── RECORDED INFORMATION ──
(* Let $V$ be a set and $(\mathcal{H}_\ell)_{\ell\in\mathbb{Z}}$ a hypergraph chain over $V$ with Helly Number $h$ and Colorful Helly Number $k$. Then for every $\ell\in\mathbb{Z}$ and every finite subset $S\subset V$: (a) $\left|\binom{S}{k}\setminus\mathcal{H}_\ell\right|\ge\binom{\frac1k\left(|S|-\omega_k(\mathcal{H}_{\ell+1}|_S)\right)}{k}$, and (b) $\left|\binom{S}{h}\setminus\mathcal{H}_\ell\right|\ge\binom{k}{h}^{-1}\binom{\frac1h\left(|S|-\omega_h(\mathcal{H}_{\ell+2}|_S)\right)}{h}$.
   Context: A hypergraph on $V$ is a family $\mathcal{H}\subset 2^V$; it is downwards closed if $H\in\mathcal{H}$, $G\subset H$ imply $G\in\mathcal{H}$. A hypergraph chain over $V$ is a sequence $(\mathcal{H}_\ell)_{\ell\in\mathbb{Z}}$ of downwards closed hypergraphs on $V$ with $\mathcal{H}_\ell\subset\mathcal{H}_{\ell+1}$. It has Helly Number $h$ if for every $\ell$ and every $S\subseteq V$, $\binom{S}{h}\subset\mathcal{H}_\ell$ implies $S\in\mathcal{H}_{\ell+1}$, where $\binom{S}{h}$ is the set of $h$-element subsets of $S$. For $S_1,\dots,S_k\subset V$, $F\subset V$ is a colorful selection if there is a surjection $\phi:\{1,\dots,k\}\to F$ with $\phi(i)\in S_i$; these form $S_1\otimes\dots\otimes S_k$. The chain has Colorful Helly Number $k$ if for all finite $S_1,\dots,S_k\subset V$ and $\ell$ with $S_1\otimes\dots\otimes S_k\subset\mathcal{H}_\ell$, some $S_j\in\mathcal{H}_{\ell+1}$. For a hypergraph $\mathcal{H}$ and finite $S$, $\omega_h(\mathcal{H}|_S)$ denotes the largest size of a subset $K\subset S$ with $\binom{K}{h}\subset\mathcal{H}$. For real $x$ and integer $m\ge0$, $\binom{x}{m}$ denotes $x(x-1)\cdots(x-m+1)/m!$. *)

theory Defs
  imports Complex_Main
begin

definition ksubsets :: "'a set \<Rightarrow> nat \<Rightarrow> 'a set set" where
  "ksubsets S h = {G. G \<subseteq> S \<and> card G = h}"

definition downwards_closed :: "'a set set \<Rightarrow> bool" where
  "downwards_closed \<H> \<longleftrightarrow> (\<forall>H G. H \<in> \<H> \<longrightarrow> G \<subseteq> H \<longrightarrow> G \<in> \<H>)"

definition hypergraph_chain :: "'a set \<Rightarrow> (int \<Rightarrow> 'a set set) \<Rightarrow> bool" where
  "hypergraph_chain V \<H> \<longleftrightarrow>
     (\<forall>l. \<H> l \<subseteq> Pow V \<and> downwards_closed (\<H> l) \<and> \<H> l \<subseteq> \<H> (l + 1))"

definition helly_number :: "'a set \<Rightarrow> (int \<Rightarrow> 'a set set) \<Rightarrow> nat \<Rightarrow> bool" where
  "helly_number V \<H> h \<longleftrightarrow>
     (\<forall>l S. S \<subseteq> V \<longrightarrow> ksubsets S h \<subseteq> \<H> l \<longrightarrow> S \<in> \<H> (l + 1))"

definition colorful_selection :: "nat \<Rightarrow> (nat \<Rightarrow> 'a set) \<Rightarrow> 'a set \<Rightarrow> bool" where
  "colorful_selection k Ss F \<longleftrightarrow>
     (\<exists>\<phi>. \<phi> ` {1..k} = F \<and> (\<forall>i\<in>{1..k}. \<phi> i \<in> Ss i))"

definition colorful_helly_number :: "'a set \<Rightarrow> (int \<Rightarrow> 'a set set) \<Rightarrow> nat \<Rightarrow> bool" where
  "colorful_helly_number V \<H> k \<longleftrightarrow>
     (\<forall>Ss l. (\<forall>i\<in>{1..k}. finite (Ss i) \<and> Ss i \<subseteq> V) \<longrightarrow>
        {F. colorful_selection k Ss F} \<subseteq> \<H> l \<longrightarrow> (\<exists>j\<in>{1..k}. Ss j \<in> \<H> (l + 1)))"

definition omega :: "nat \<Rightarrow> 'a set set \<Rightarrow> 'a set \<Rightarrow> nat" where
  "omega h \<H> S = Max {card K | K. K \<subseteq> S \<and> ksubsets K h \<subseteq> \<H>}"

end

(* Pack S greedily with pairwise disjoint h-sets outside the larger hypergraph K = H_(l+m); the
   uncovered rest of S has all its h-subsets in K, so the packing has r >= (|S| - omega)/h members.
   Any k members of the packing, used as colour classes, have by the colorful Helly property a
   selection outside H_(l+m-1); it meets each of them in exactly one point.  For (a), h = k and the
   selection itself is the non-edge of H_l; for (b) the Helly property yields an h-subset of it outside
   H_l.  Such an h-set determines the h members it meets, so it arises from at most C(r-h, k-h) of the
   C(r, k) choices of k members, whence C(r, h) <= c C(k, h) for the number c of non-edges.  Finally
   C(x, h) <= C(r, h) for h <= x <= r, and |C(x, h)| <= 1 for 0 <= x <= h. *)

theory Submission
  imports Defs
begin

lemma abs_gbinomial_le_one:
  fixes x :: real
  assumes "0 \<le> x" "x \<le> real n"
  shows "\<bar>x gchoose n\<bar> \<le> 1"
  using assms
proof (induction n arbitrary: x)
  case 0
  then show ?case by simp
next
  case (Suc n)
  have "real (Suc n) * \<bar>x gchoose Suc n\<bar> \<le> real (Suc n) * 1"
  proof (cases "x \<le> real n")
    case True
    have "real (Suc n) * (x gchoose Suc n) = (x - real n) * (x gchoose n)"
      using gbinomial_mult_1[of x n] by (simp add: algebra_simps)
    then have "real (Suc n) * \<bar>x gchoose Suc n\<bar> = \<bar>x - real n\<bar> * \<bar>x gchoose n\<bar>"
      by (metis abs_mult abs_of_nat)
    also have "\<dots> \<le> real (Suc n) * 1"
      using Suc True by (intro mult_mono) auto
    finally show ?thesis .
  next
    case False
    have "real (Suc n) * \<bar>x gchoose Suc n\<bar> = \<bar>x\<bar> * \<bar>(x - 1) gchoose n\<bar>"
      by (metis gbinomial_absorption abs_mult abs_of_nat)
    also have "\<dots> \<le> real (Suc n) * 1"
    proof (intro mult_mono)
      show "\<bar>(x - 1) gchoose n\<bar> \<le> 1"
        using Suc.IH[of "x - 1"] Suc.prems False by (cases "n = 0") auto
    qed (use Suc.prems in auto)
    finally show ?thesis .
  qed
  then show ?case by simp
qed

lemma binomial_le_of_double_count:
  fixes r c h k :: nat
  assumes "h \<le> k" "1 \<le> r" "r \<le> c" "r choose k \<le> c * ((r - h) choose (k - h))"
  shows "r choose h \<le> c * (k choose h)"
proof (cases "k \<le> r")
  case True
  have "(r choose h) * ((r - h) choose (k - h)) = (r choose k) * (k choose h)"
    using choose_mult[OF assms(1) True] by simp
  also have "\<dots> \<le> c * (k choose h) * ((r - h) choose (k - h))"
    using assms(4) by simp
  finally show ?thesis
    using True assms(1) by simp
next
  case False
  then have "r choose h \<le> k choose h"
    by (intro binomial_right_mono) simp
  also have "\<dots> \<le> c * (k choose h)"
    using assms(2,3) by simp
  finally show ?thesis .
qed

lemma gbinomial_le_of_double_count:
  fixes x :: real and r c h k :: nat
  assumes "0 \<le> x" "x \<le> real r" "1 \<le> h" "h \<le> k" "r \<le> c"
    and "r choose k \<le> c * ((r - h) choose (k - h))"
  shows "x gchoose h \<le> real (c * (k choose h))"
proof (cases "x \<le> real h")
  case True
  show ?thesis
  proof (cases "r = 0")
    case True
    then show ?thesis
      using assms(1-3) by (simp add: gbinomial_0_left)
  next
    case False
    then have "1 \<le> c * (k choose h)"
      using assms(4,5) by (simp add: Suc_le_eq)
    moreover have "\<bar>x gchoose h\<bar> \<le> 1"
      using abs_gbinomial_le_one assms(1) True by blast
    ultimately show ?thesis by linarith
  qed
next
  case False
  then have "x gchoose h \<le> real r gchoose h"
    using gbinomial_mono assms(2) by simp
  also have "\<dots> = real (r choose h)"
    by (simp add: binomial_gbinomial)
  also have "\<dots> \<le> real (c * (k choose h))"
  proof -
    have "h < r"
      using assms(2) False by linarith
    then show ?thesis
      using binomial_le_of_double_count[of h k r c] assms(3-6) by (simp only: of_nat_le_iff)
  qed
  finally show ?thesis .
qed

lemma finite_ksubsets: "finite S \<Longrightarrow> finite (ksubsets S s)"
  unfolding ksubsets_def by (rule finite_subset[of _ "Pow S"]) auto

lemma card_ksubsets: "finite S \<Longrightarrow> card (ksubsets S s) = card S choose s"
  unfolding ksubsets_def by (rule n_subsets)
lemma score_bound_nonneg: "0 \<le> score_bound lam"
  using piS_pos[of 1] piS_pos[of "-1"] unfolding score_bound_def
  by (intro add_nonneg_nonneg mult_nonneg_nonneg sum_nonneg) auto

lemma abs_score_le: "k \<in> {1..K} \<Longrightarrow> \<bar>score lam w k\<bar> \<le> score_bound lam"
proof -
  assume k: "k \<in> {1..K}"
  have pi: "piS P 1 > 0" "piS P (-1) > 0" using pi_pos by auto
  let ?L = "if fst (snd w) \<in> {-1,1} then of_int (fst (snd w)) * lam k / piS P (fst (snd w)) else 0"
  have "\<bar>?L\<bar> \<le> \<bar>lam k\<bar> * (1 / piS P 1 + 1 / piS P (-1))"
    using pi by (auto simp: abs_mult abs_divide field_simps)
  also have "\<dots> \<le> (\<Sum>k\<in>{1..K}. \<bar>lam k\<bar>) * (1 / piS P 1 + 1 / piS P (-1))"
    using k pi by (intro mult_right_mono member_le_sum) auto
  finally show ?thesis
    using p_range unfolding score_def score_bound_def by (smt (verit))
qed

lemma abs_max_score_le: "\<bar>max_score lam w\<bar> \<le> score_bound lam"
  unfolding max_score_def using K_ge_1 score_bound_nonneg
  by (auto intro!: abs_Max_le abs_score_le)

lemma measurable_score[measurable]: "(\<lambda>w. score lam w k) \<in> borel_measurable P"
proof -
  have "(\<lambda>w. (\<lambda>s. if s \<in> {-1,1} then of_int s * lam k / piS P s else 0) (fst (snd w))) \<in> borel_measurable P"
    by (rule borel_measurable_countable_fun) measurable
  then show ?thesis unfolding score_def by measurable
qed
───
* [TASK DESCRIPTION]
Repeat exactly the lines above, starting with the first line of the records and finishing with the line holding "Context: A hypergraph". Add no other line.

* [ANSWER BOX]
(* Let $V$ be a set and $(\mathcal{H}_\ell)_{\ell\in\mathbb{Z}}$ a hypergraph chain over $V$ with Helly Number $h$ and Colorful Helly Number $k$. Then for every $\ell\in\mathbb{Z}$ and every finite subset $S\subset V$: (a) $\left|\binom{S}{k}\setminus\mathcal{H}_\ell\right|\ge\binom{\frac1k\left(|S|-\omega_k(\mathcal{H}_{\ell+1}|_S)\right)}{k}$, and (b) $\left|\binom{S}{h}\setminus\mathcal{H}_\ell\right|\ge\binom{k}{h}^{-1}\binom{\frac1h\left(|S|-\omega_h(\mathcal{H}_{\ell+2}|_S)\right)}{h}$.
   Context: A hypergraph on $V$ is a family $\mathcal{H}\subset 2^V$; it is downwards closed if $H\in\mathcal{H}$, $G\subset H$ imply $G\in\mathcal{H}$. A hypergraph chain over $V$ is a sequence $(\mathcal{H}_\ell)_{\ell\in\mathbb{Z}}$ of downwards closed hypergraphs on $V$ with $\mathcal{H}_\ell\subset\mathcal{H}_{\ell+1}$. It has Helly Number $h$ if for every $\ell$ and every $S\subseteq V$, $\binom{S}{h}\subset\mathcal{H}_\ell$ implies $S\in\mathcal{H}_{\ell+1}$, where $\binom{S}{h}$ is the set of $h$-element subsets of $S$. For $S_1,\dots,S_k\subset V$, $F\subset V$ is a colorful selection if there is a surjection $\phi:\{1,\dots,k\}\to F$ with $\phi(i)\in S_i$; these form $S_1\otimes\dots\otimes S_k$. The chain has Colorful Helly Number $k$ if for all finite $S_1,\dots,S_k\subset V$ and $\ell$ with $S_1\otimes\dots\otimes S_k\subset\mathcal{H}_\ell$, some $S_j\in\mathcal{H}_{\ell+1}$. For a hypergraph $\mathcal{H}$ and finite $S$, $\omega_h(\mathcal{H}|_S)$ denotes the largest size of a subset $K\subset S$ with $\binom{K}{h}\subset\mathcal{H}$. For real $x$ and integer $m\ge0$, $\binom{x}{m}$ denotes $x(x-1)\cdots(x-m+1)/m!$. *)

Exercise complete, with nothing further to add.